> Extracted entries
lemma exposesI:
  assumes "Q \<subseteq> {x. a \<bullet> x \<le> b}" "Q \<inter> {x. a \<bullet> x = b} = {u}"
  shows "exposes Q a u"
  unfolding exposes_def
proof (intro conjI ballI impI)
  show "u \<in> Q"
    using assms(2) by blast
  fix x assume "x \<in> Q" "x \<noteq> u"
  then have "a \<bullet> x \<noteq> b" "a \<bullet> x \<le> b" "a \<bullet> u = b"
    using assms by auto
  then show "a \<bullet> x < a \<bullet> u"
    by simp
qed

lemma exposes_imp_supporting_hyperplane:
  assumes "exposes Q a u" "a \<noteq> 0"
  shows "supporting_hyperplane Q {x. a \<bullet> x = a \<bullet> u}" "{x. a \<bullet> x = a \<bullet> u} \<inter> Q = {u}"
proof -
  have "u \<in> {x. a \<bullet> x = a \<bullet> u} \<inter> Q" "Q \<subseteq> {x. a \<bullet> x \<le> a \<bullet> u}"
    using assms(1) unfolding exposes_def by (auto intro: less_imp_le)
  then show "supporting_hyperplane Q {x. a \<bullet> x = a \<bullet> u}"
    unfolding supporting_hyperplane_def using assms(2) by blast
  show "{x. a \<bullet> x = a \<bullet> u} \<inter> Q = {u}"
    using assms(1) unfolding exposes_def by fastforce
qed

lemma exposes_imp_vertex:
  assumes "convex Q" "exposes Q a u"
  shows "u \<in> vertices Q"
proof -
  have "Q \<inter> {x. a \<bullet> x = a \<bullet> u} face_of Q"
    using assms by (intro face_of_Int_supporting_hyperplane_le) (auto simp: exposes_def less_imp_le)
  moreover have "Q \<inter> {x. a \<bullet> x = a \<bullet> u} = {u}"
    using assms(2) unfolding exposes_def by fastforce
  ultimately show ?thesis
    by (simp add: vertices_def face_of_singleton)
qed

lemma vertices_subset: "vertices Q \<subseteq> Q"
  unfolding vertices_def extreme_point_of_def by auto

lemma polytope_vertices:
  assumes "polytope Q"
  shows "finite (vertices Q)" "Q = convex hull (vertices Q)"
  using assms finite_polyhedron_extreme_points polytope_imp_polyhedron
    Krein_Milman_Minkowski polytope_imp_compact polytope_imp_convex
  unfolding vertices_def by blast+

lemma polytope_le_iff_vertices_le:
  assumes "polytope Q"
  shows "(\<forall>x\<in>Q. a \<bullet> x \<le> b) \<longleftrightarrow> (\<forall>x\<in>vertices Q. a \<bullet> x \<le> b)"
proof
  assume "\<forall>x\<in>vertices Q. a \<bullet> x \<le> b"
  then have "convex hull (vertices Q) \<subseteq> {x. a \<bullet> x \<le> b}"
    by (intro hull_minimal) (auto simp: convex_halfspace_le)
  then show "\<forall>x\<in>Q. a \<bullet> x \<le> b"
    using polytope_vertices(2)[OF assms] by blast
qed (use vertices_subset in blast)

lemma polytope_exposes_iff:
  assumes "polytope Q" "u \<in> vertices Q"
  shows "exposes Q a u \<longleftrightarrow> (\<forall>x\<in>vertices Q. x \<noteq> u \<longrightarrow> a \<bullet> x < a \<bullet> u)"
proof
  assume strict: "\<forall>x\<in>vertices Q. x \<noteq> u \<longrightarrow> a \<bullet> x < a \<bullet> u"
  let ?F = "Q \<inter> {x. a \<bullet> x = a \<bullet> u}"
  have le: "\<forall>x\<in>Q. a \<bullet> x \<le> a \<bullet> u"
    using strict polytope_le_iff_vertices_le[OF assms(1)] by (metis order.order_iff_strict)
  \<comment> \<open>the face cut out by \<open>a\<close> is the hull of the vertices it contains, and \<open>u\<close> is the only one\<close>
  have "?F face_of convex hull (vertices Q)"
    using face_of_Int_supporting_hyperplane_le polytope_vertices(2)[OF assms(1)]
      polytope_imp_convex[OF assms(1)] le by metis
  then obtain S where S: "S \<subseteq> vertices Q" "?F = convex hull S"
    using face_of_convex_hull_subset finite_imp_compact polytope_vertices(1)[OF assms(1)] by metis
  have "S \<subseteq> {u}"
  proof
    fix x assume "x \<in> S"
    then have "x \<in> vertices Q" "a \<bullet> x = a \<bullet> u"
      using S hull_subset[of S convex] by auto
    then show "x \<in> {u}"
      using strict by fastforce
  qed
  then have "?F \<subseteq> {u}"
    using S(2) hull_mono[of S "{u}" convex] by simp
  then show "exposes Q a u"
    using le assms(2) vertices_subset by (intro exposesI[of Q a "a \<bullet> u"]) auto
qed (use vertices_subset in \<open>auto simp: exposes_def\<close>)

lemma vertex_imp_exposes:
  assumes "polytope Q" "u \<in> vertices Q"
  obtains a where "exposes Q a u"
proof -
  have "{u} exposed_face_of Q"
    using assms exposed_face_of_polyhedron polytope_imp_polyhedron face_of_singleton
    unfolding vertices_def by blast
  then obtain a b where "Q \<subseteq> {x. a \<bullet> x \<le> b}" "Q \<inter> {x. a \<bullet> x = b} = {u}"
    unfolding exposed_face_of_def by metis
  then show thesis
    using exposesI that by blast
qed

lemma hyperplane_eq_imp_normal_parallel:
  fixes a c :: "'a::euclidean_space"
  assumes "c \<noteq> 0" "{x. a \<bullet> x = b} = {x. c \<bullet> x = d}" "p \<in> {x. a \<bullet> x = b}"
  obtains k where "a = k *\<^sub>R c"
proof -
  \<comment> \<open>the component of \<open>a\<close> orthogonal to \<open>c\<close> is orthogonal to the hyperplane, hence to itself\<close>
  define y where "y = a - ((a \<bullet> c) / (c \<bullet> c)) *\<^sub>R c"
  have "c \<bullet> y = 0"
    using assms(1) by (simp add: y_def inner_diff_right inner_commute)
  then have "p + y \<in> {x. c \<bullet> x = d}"
    using assms(2,3) by (auto simp: inner_add_right)
  then have "a \<bullet> (p + y) = b"
    using assms(2) by blast
  then have "a \<bullet> y = 0"
    using assms(3) by (simp add: inner_add_right)
  then have "y \<bullet> y = 0"
    using \<open>c \<bullet> y = 0\<close> by (simp add: y_def inner_diff_left inner_commute)
  then have "y = 0"
    by simp
  then show thesis
    using that unfolding y_def by (metis eq_iff_diff_eq_0)
qed

lemma parallel_hyperplanes_normals:
  assumes "parallel_hyperplanes H1 H2" "H1 = {x. a \<bullet> x = b}" "H2 = {x. a' \<bullet> x = b'}"
    "a \<noteq> 0" "p \<in> H1" "q \<in> H2"
  obtains t where "a' = t *\<^sub>R a"
proof -
  obtain n b1 b2 c where n: "n \<noteq> 0" "c \<noteq> 0" "H1 = {x. n \<bullet> x = b1}" "H2 = {x. (c *\<^sub>R n) \<bullet> x = b2}"
    using assms(1) unfolding parallel_hyperplanes_def by blast
  obtain k where k: "a = k *\<^sub>R n"
    using hyperplane_eq_imp_normal_parallel[of n a b b1 p] n assms(2,5) by blast
  obtain k' where k': "a' = k' *\<^sub>R (c *\<^sub>R n)"
    using hyperplane_eq_imp_normal_parallel[of "c *\<^sub>R n" a' b' b2 q] n assms(3,6) by auto
  have "k \<noteq> 0"
    using k assms(4) by auto
  then have "a' = (k' * c / k) *\<^sub>R a"
    using k k' by simp
  then show thesis ..
qed

lemma strictly_antipodal_imp_exposes:
  assumes "strictly_antipodal Q u w" "u \<noteq> w"
  obtains a where "exposes Q a u" "exposes Q (-a) w"
proof -
  obtain H1 H2 where H: "supporting_hyperplane Q H1" "supporting_hyperplane Q H2"
     "parallel_hyperplanes H1 H2" "H1 \<inter> Q = {u}" "H2 \<inter> Q = {w}"
    using assms(1) unfolding strictly_antipodal_def by blast
  obtain a b where a: "a \<noteq> 0" "H1 = {x. a \<bullet> x = b}" "Q \<subseteq> {x. a \<bullet> x \<le> b}"
    using H(1) unfolding supporting_hyperplane_def by blast
  obtain a' b' where a': "H2 = {x. a' \<bullet> x = b'}" "Q \<subseteq> {x. a' \<bullet> x \<le> b'}"
    using H(2) unfolding supporting_hyperplane_def by blast
  have exposes_u: "exposes Q a u" and exposes_w: "exposes Q a' w"
    using a a' H(4,5) by (auto intro!: exposesI simp: Int_commute)
  obtain t where t: "a' = t *\<^sub>R a"
    using parallel_hyperplanes_normals[OF H(3) a(2) a'(1) a(1)] H(4,5) by blast
  have "\<not> t > 0"
    using t exposes_u exposes_w assms(2) exposes_scaleR exposes_unique by blast
  moreover have "u \<in> Q"
    using exposes_u unfolding exposes_def by blast
  then have "t \<noteq> 0"
    using t exposes_nonzero[OF exposes_w _ assms(2)] by auto
  ultimately have "exposes Q (-a) w"
    using t exposes_w exposes_scaleR[of Q "-t" "-a" w] by simp
  then show thesis
    using that exposes_u by blast
qed

lemma exposes_opposite_imp_strictly_antipodal:
  assumes "convex Q" "exposes Q a u" "exposes Q (-a) w" "u \<noteq> w"
  shows "strictly_antipodal Q u w"
proof -
  have "w \<in> Q"
    using assms(3) unfolding exposes_def by blast
  then have "a \<noteq> 0"
    using assms(2,4) exposes_nonzero by metis
  then have "supporting_hyperplane Q {x. a \<bullet> x = a \<bullet> u}" "{x. a \<bullet> x = a \<bullet> u} \<inter> Q = {u}"
    "supporting_hyperplane Q {x. (-a) \<bullet> x = (-a) \<bullet> w}" "{x. (-a) \<bullet> x = (-a) \<bullet> w} \<inter> Q = {w}"
    using exposes_imp_supporting_hyperplane assms(2,3) by (metis neg_equal_0_iff_equal)+
  moreover have "parallel_hyperplanes {x. a \<bullet> x = a \<bullet> u} {x. (-a) \<bullet> x = (-a) \<bullet> w}"
    unfolding parallel_hyperplanes_def using \<open>a \<noteq> 0\<close>
    by (intro exI[of _ a] exI[of _ "a \<bullet> u"] exI[of _ "-a"] exI[of _ "(-a) \<bullet> w"] exI[of _ "-1"]) auto
  moreover have "u \<in> vertices Q" "w \<in> vertices Q"
    using assms(1-3) exposes_imp_vertex by blast+
  ultimately show ?thesis
    unfolding strictly_antipodal_def by blast
qed

lemma strictly_antipodal_sym:
  assumes "convex Q" "strictly_antipodal Q u w" "u \<noteq> w"
  shows "strictly_antipodal Q w u"
proof -
  obtain a where "exposes Q a u" "exposes Q (-a) w"
    using strictly_antipodal_imp_exposes assms(2,3) by blast
  then show ?thesis
    using exposes_opposite_imp_strictly_antipodal[of Q "-a" w u] assms(1,3) by simp
qed

lemma strictly_antipodal_imp_vertices:
  "strictly_antipodal Q u w \<Longrightarrow> u \<in> vertices Q \<and> w \<in> vertices Q"
  unfolding strictly_antipodal_def by blast

lemma polytope_max_vertex:
  assumes "polytope Q" "Q \<noteq> {}"
  obtains w where "w \<in> vertices Q" "\<forall>x\<in>Q. c \<bullet> x \<le> c \<bullet> w"
proof -
  let ?M = "Max ((\<bullet>) c ` vertices Q)"
  have fin: "finite (vertices Q)"
    using polytope_vertices(1)[OF assms(1)] .
  have "vertices Q \<noteq> {}"
    using assms polytope_vertices(2)[OF assms(1)] by auto
  then have "?M \<in> (\<bullet>) c ` vertices Q"
    using fin by (intro Max_in) auto
  then obtain w where w: "w \<in> vertices Q" "c \<bullet> w = ?M"
    by auto
  then have "\<forall>x\<in>vertices Q. c \<bullet> x \<le> c \<bullet> w"
    using fin by simp
  then have "\<forall>x\<in>Q. c \<bullet> x \<le> c \<bullet> w"
    using polytope_le_iff_vertices_le[OF assms(1)] by blast
  then show thesis
    using that w(1) by blast
qed

lemma exists_small_perturbation_pos:
  fixes f g :: "'b \<Rightarrow> real"
  assumes "finite S" "\<forall>x\<in>S. 0 < f x"
  obtains e where "0 < e" "\<forall>x\<in>S. 0 < f x + e * g x"
proof -
  have "\<forall>\<^sub>F e in at_right 0. (0::real) < e"
    by (simp add: eventually_at_right_less)
  moreover have "\<forall>\<^sub>F e in at_right 0. \<forall>x\<in>S. 0 < f x + e * g x"
  proof (rule eventually_ball_finite[OF assms(1)], intro ballI)
    fix x assume "x \<in> S"
    moreover have "((\<lambda>e. f x + e * g x) \<longlongrightarrow> f x + 0 * g x) (at_right 0)"
      by (intro tendsto_intros)
    ultimately show "\<forall>\<^sub>F e in at_right 0. 0 < f x + e * g x"
      using assms(2) order_tendstoD(1) by fastforce
  qed
  ultimately have "\<forall>\<^sub>F e in at_right 0. 0 < e \<and> (\<forall>x\<in>S. 0 < f x + e * g x)"
    by (rule eventually_conj)
  then obtain e where "0 < e \<and> (\<forall>x\<in>S. 0 < f x + e * g x)"
    using eventually_happens'[OF trivial_limit_at_right_real] by blast
  then show thesis
    using that by blast
qed

lemma exposes_opposite_perturb:
  assumes "polytope Q" "exposes Q a u" "w \<in> vertices Q" "\<forall>x\<in>Q. (-a) \<bullet> x \<le> (-a) \<bullet> w"
  obtains a' where "exposes Q a' u" "exposes Q (-a') w"
proof -
  let ?V = "vertices Q"
  have u: "u \<in> ?V"
    using assms(1,2) exposes_imp_vertex polytope_imp_convex by blast
  obtain b where b: "exposes Q b w"
    using vertex_imp_exposes assms(1,3) by blast
  \<comment> \<open>tilting \<open>a\<close> slightly towards \<open>-b\<close> keeps \<open>u\<close> exposed and breaks the ties of \<open>-a\<close> at \<open>w\<close>\<close>
  obtain e where e: "0 < e" "\<forall>x\<in>?V - {u}. 0 < (a \<bullet> u - a \<bullet> x) + e * (b \<bullet> x - b \<bullet> u)"
  proof (rule exists_small_perturbation_pos)
    show "finite (?V - {u})"
      using polytope_vertices(1)[OF assms(1)] by simp
    show "\<forall>x\<in>?V - {u}. 0 < a \<bullet> u - a \<bullet> x"
      using assms(2) vertices_subset unfolding exposes_def by auto
  qed
  have "exposes Q (a - e *\<^sub>R b) u"
    using e(2) by (subst polytope_exposes_iff[OF assms(1) u]) (auto simp: inner_diff_left algebra_simps)
  moreover have "exposes Q (- (a - e *\<^sub>R b)) w"
  proof (subst polytope_exposes_iff[OF assms(1,3)], intro ballI impI)
    fix x assume x: "x \<in> ?V" "x \<noteq> w"
    then have "b \<bullet> x < b \<bullet> w"
      using b vertices_subset unfolding exposes_def by blast
    then have "0 < e * (b \<bullet> w - b \<bullet> x)"
      using e(1) by simp
    moreover have "(-a) \<bullet> x \<le> (-a) \<bullet> w"
      using assms(4) x vertices_subset by blast
    ultimately show "(- (a - e *\<^sub>R b)) \<bullet> x < (- (a - e *\<^sub>R b)) \<bullet> w"
      by (simp add: inner_diff_left algebra_simps)
  qed
  ultimately show thesis
    using that by blast
qed

lemma strictly_antipodal_of_opposite_max:
  assumes "polytope Q" "exposes Q a u" "w \<in> vertices Q" "\<forall>x\<in>Q. (-a) \<bullet> x \<le> (-a) \<bullet> w" "Q \<noteq> {u}"
  shows "u \<noteq> w" "strictly_antipodal Q u w"
proof -
  obtain y where "y \<in> Q" "y \<noteq> u"
    using assms(2,5) unfolding exposes_def by blast
  then have "a \<bullet> y < a \<bullet> u" "(-a) \<bullet> y \<le> (-a) \<bullet> w"
    using assms(2,4) unfolding exposes_def by auto
  then show "u \<noteq> w"
    by auto
  then show "strictly_antipodal Q u w"
    using exposes_opposite_perturb[OF assms(1-4)] exposes_opposite_imp_strictly_antipodal
      polytope_imp_convex[OF assms(1)] by metis
qed
lemma hd_top_side: "1 \<le> n \<Longrightarrow> hd (top_side n) = (1, 1)"
  and last_top_side: "1 \<le> n \<Longrightarrow> last (top_side n) = (1, n)"
  by (simp_all add: top_side_def hd_map last_map del: upt_Suc)

lemma right_bottom_side_eq_Cons:
  "1 \<le> m \<Longrightarrow> right_bottom_side m n =
    (1, n) # map (\<lambda>i. (i, n)) [2..<Suc m] @ map (\<lambda>j. (m, j)) (rev [1..<n])"
  unfolding right_bottom_side_def by (subst upt_conv_Cons) (simp_all add: numeral_2_eq_2)

lemma left_side_eq_Cons:
  assumes "2 \<le> m"
  shows "left_side m = (m, 1) # map (\<lambda>i. (i, 1)) (rev [2..<m]) @ [(1, 1)]"
proof -
  have "[1..<m] = 1 # [2..<m]"
    using assms by (subst upt_conv_Cons) (simp_all add: numeral_2_eq_2)
  then show ?thesis using assms by (simp add: left_side_def)
qed

lemma boundary_cycle_is_cycle:
  assumes "2 \<le> m" "2 \<le> n"
  shows "is_cycle (grid_V m n) (grid_E m n) (boundary_cycle m n)"
proof -
  let ?V = "grid_V m n" and ?E = "grid_E m n"
  have closed: "boundary_cycle m n @ [(1, 1)] =
      top_side n @ tl (right_bottom_side m n @ tl (left_side m))"
    using assms by (simp add: boundary_cycle_def top_side_def right_bottom_side_eq_Cons
        left_side_eq_Cons)
  have walks: "is_walk ?V ?E (top_side n)" "is_walk ?V ?E (right_bottom_side m n)"
      "is_walk ?V ?E (left_side m)"
    using assms top_side_is_path[of m n] right_bottom_side_is_path[of m n]
      left_side_is_path[of m n]
    by (simp_all add: is_path_def)
  have glue_rb: "last (right_bottom_side m n) = hd (left_side m)"
    using assms by (simp add: right_bottom_side_def left_side_eq_Cons last_map last_rev hd_upt)
  have glue_top: "last (top_side n) = hd (right_bottom_side m n @ tl (left_side m))"
    using assms by (simp add: last_top_side[of n] right_bottom_side_eq_Cons[of m])
  have "is_walk ?V ?E (boundary_cycle m n @ [(1, 1)])"
    unfolding closed using walks(1) is_walk_glue[OF walks(2,3) glue_rb] glue_top
    by (rule is_walk_glue)
  moreover have "boundary_cycle m n \<noteq> []" using assms by (simp add: boundary_cycle_def)
  ultimately have "is_walk ?V ?E (boundary_cycle m n)" "?E (last (boundary_cycle m n)) (1, 1)"
    by (blast dest: is_walk_snocD)+
  moreover have "distinct (boundary_cycle m n)"
    using assms by (auto simp: boundary_cycle_def distinct_map inj_on_def)
  moreover have "hd (boundary_cycle m n) = (1, 1)" "length (boundary_cycle m n) \<ge> 3"
    using assms by (auto simp: boundary_cycle_def hd_map)
  ultimately show ?thesis by (simp add: is_cycle_def is_path_def)
qed

lemma cycle_edges_boundary_cycle:
  assumes "2 \<le> m" "2 \<le> n"
  shows "cycle_edges (boundary_cycle m n) =
    path_edges (top_side n) \<union> path_edges (right_bottom_side m n) \<union> path_edges (left_side m)"
proof -
  define B where "B = map (\<lambda>i. (i, n)) [2..<Suc m]"
  define C where "C = map (\<lambda>j. (m, j)) (rev [1..<n])"
  define D where "D = map (\<lambda>i. (i, 1::nat)) (rev [2..<m])"
  have "boundary_cycle m n = top_side n @ B @ C @ D"
    by (simp add: boundary_cycle_def top_side_def B_def C_def D_def)
  moreover have "right_bottom_side m n = last (top_side n) # B @ C"
    using assms by (simp add: right_bottom_side_eq_Cons last_top_side B_def C_def)
  moreover have "left_side m = last C # D @ [hd (top_side n)]"
    using assms by (simp add: left_side_eq_Cons hd_top_side C_def D_def last_map last_rev)
  moreover have "top_side n \<noteq> []" "B \<noteq> []" "C \<noteq> []"
    using assms by (auto simp: top_side_def B_def C_def)
  ultimately show ?thesis by (simp add: cycle_edges_split3)
qed

lemma boundary_sides_meet:
  assumes "2 \<le> m" "2 \<le> n"
  shows "set (top_side n) \<inter> set (right_bottom_side m n) = {(1, n)}"
    and "set (right_bottom_side m n) \<inter> set (left_side m) = {(m, 1)}"
    and "set (left_side m) \<inter> set (top_side n) = {(1, 1)}"
  using assms by (auto simp: set_top_side set_right_bottom_side set_left_side)

lemma boundary_sides_far_apart:
  assumes "2 \<le> m" "m \<le> n"
    and u: "u1 \<in> set (top_side n)" "u2 \<in> set (right_bottom_side m n)" "u3 \<in> set (left_side m)"
  shows "m - 1 \<le> max (gdist (grid_V m n) (grid_E m n) u1 u2)
    (max (gdist (grid_V m n) (grid_E m n) u2 u3) (gdist (grid_V m n) (grid_E m n) u3 u1))"
proof -
  have V: "u1 \<in> grid_V m n" "u2 \<in> grid_V m n" "u3 \<in> grid_V m n"
    using u assms by (auto simp: set_top_side set_right_bottom_side set_left_side grid_V_def)
  consider "fst u2 = m" | "snd u2 = n"
    using u(2) by (auto simp: set_right_bottom_side)
  then show ?thesis
  proof cases
    case 1
    then have "m - 1 \<le> nat \<bar>int (fst u1) - int (fst u2)\<bar>"
      using u(1) by (auto simp: set_top_side)
    with grid_gdist_ge_fst_diff[OF V(1,2)] show ?thesis by linarith
  next
    case 2
    then have "m - 1 \<le> nat \<bar>int (snd u2) - int (snd u3)\<bar>"
      using u(3) assms by (auto simp: set_left_side)
    with grid_gdist_ge_snd_diff[OF V(2,3)] show ?thesis by linarith
  qed
qed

> Exercise directions
Produce exactly the lines from the one containing "nat \<bar>int (snd" through the final line of the records above, both included, and no others.

> Solution
    then have "m - 1 \<le> nat \<bar>int (snd u2) - int (snd u3)\<bar>"
      using u(3) assms by (auto simp: set_left_side)
    with grid_gdist_ge_snd_diff[OF V(2,3)] show ?thesis by linarith
  qed
qed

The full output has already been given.